▶ _What is expected_
In the listing below, start your output at the line with "so it vanishes" and end it after the line with "by (rule max_ideal_avoiding_recip_notin)", copying every line exactly.

▶ _Supplied material_

text \<open>From q + r/d = (1/f)^k with q in Q, write r = a/b + n with n in Q and 1/b not in Q;
  then a/(db) - (1/f)^k is a fraction in Q whose denominator has reciprocal outside Q,
  so it vanishes and 1/d divides (1/f)^k.\<close>
lemma max_ideal_avoiding_recip_dvd_power:
  assumes max: "max_ideal_avoiding f Q" and d: "Fract 1 d \<notin> Q"
  obtains s k where "s \<in> recip_compl" "Fract 1 d * s = Fract 1 f ^ k"
proof -
  have I: "rc_ideal Q" and P: "rc_prime Q"
    using max max_ideal_avoiding_prime by (auto simp: max_ideal_avoiding_def)
  have f: "Fract 1 f \<notin> Q" using max by (rule max_ideal_avoiding_recip_notin)
  obtain q r k where q: "q \<in> Q" and r: "r \<in> recip_compl" and qr: "q + Fract 1 d * r = Fract 1 f ^ k"
    using max_ideal_avoiding_meets_powers[OF max Fract_1_in_recip_compl d] .
  obtain a b ns where b: "Fract 1 b \<notin> Q" and ns: "\<forall>e\<in>set ns. Fract 1 e \<in> Q"
    and r_eq: "r = Fract a b + recip_sum ns"
    using rc_prime_decompose[OF P r] .
  have n: "recip_sum ns \<in> Q" using rc_ideal_recip_sum[OF I ns] .
  have denom: "Fract 1 (d * b * f ^ k) \<notin> Q"
    using recip_mult_notin[OF P recip_mult_notin[OF P d b]] rc_prime_power_notin[OF P _ f]
    by (simp add: Fract_1_power Fract_1_in_recip_compl)
  have "d \<noteq> 0" "b \<noteq> 0" "f \<noteq> 0"
    using d b f recip_notin_nonzero[OF I] by auto
  then have "Fract (a * f ^ k - d * b) (d * b * f ^ k) = Fract 1 d * Fract a b - Fract 1 f ^ k"
    by (simp add: Fract_1_power)
  also have "\<dots> = - (q + Fract 1 d * recip_sum ns)"
    using qr r_eq by (simp add: algebra_simps)
  also have "\<dots> \<in> Q"
    using q n
    by (intro rc_ideal_uminus[OF I] rc_ideal_add[OF I] rc_ideal_mult_left[OF I Fract_1_in_recip_compl])
  finally have "a * f ^ k - d * b = 0"
    by (rule Fract_in_rc_ideal_imp_zero[OF I denom])
  then have "Fract 1 d * Fract a b = Fract 1 f ^ k"
    using \<open>d \<noteq> 0\<close> \<open>b \<noteq> 0\<close> \<open>f \<noteq> 0\<close> by (simp add: Fract_1_power eq_fract(1))
  moreover have "r + - recip_sum ns \<in> recip_compl"
    using r n rc_ideal_subset[OF I] by (blast intro: recip_compl.add recip_compl.neg)
  then have "Fract a b \<in> recip_compl"
    using r_eq by simp
  ultimately show ?thesis using that by blast
qed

▶ _Task solution_
  so it vanishes and 1/d divides (1/f)^k.\<close>
lemma max_ideal_avoiding_recip_dvd_power:
  assumes max: "max_ideal_avoiding f Q" and d: "Fract 1 d \<notin> Q"
  obtains s k where "s \<in> recip_compl" "Fract 1 d * s = Fract 1 f ^ k"
proof -
  have I: "rc_ideal Q" and P: "rc_prime Q"
    using max max_ideal_avoiding_prime by (auto simp: max_ideal_avoiding_def)
  have f: "Fract 1 f \<notin> Q" using max by (rule max_ideal_avoiding_recip_notin)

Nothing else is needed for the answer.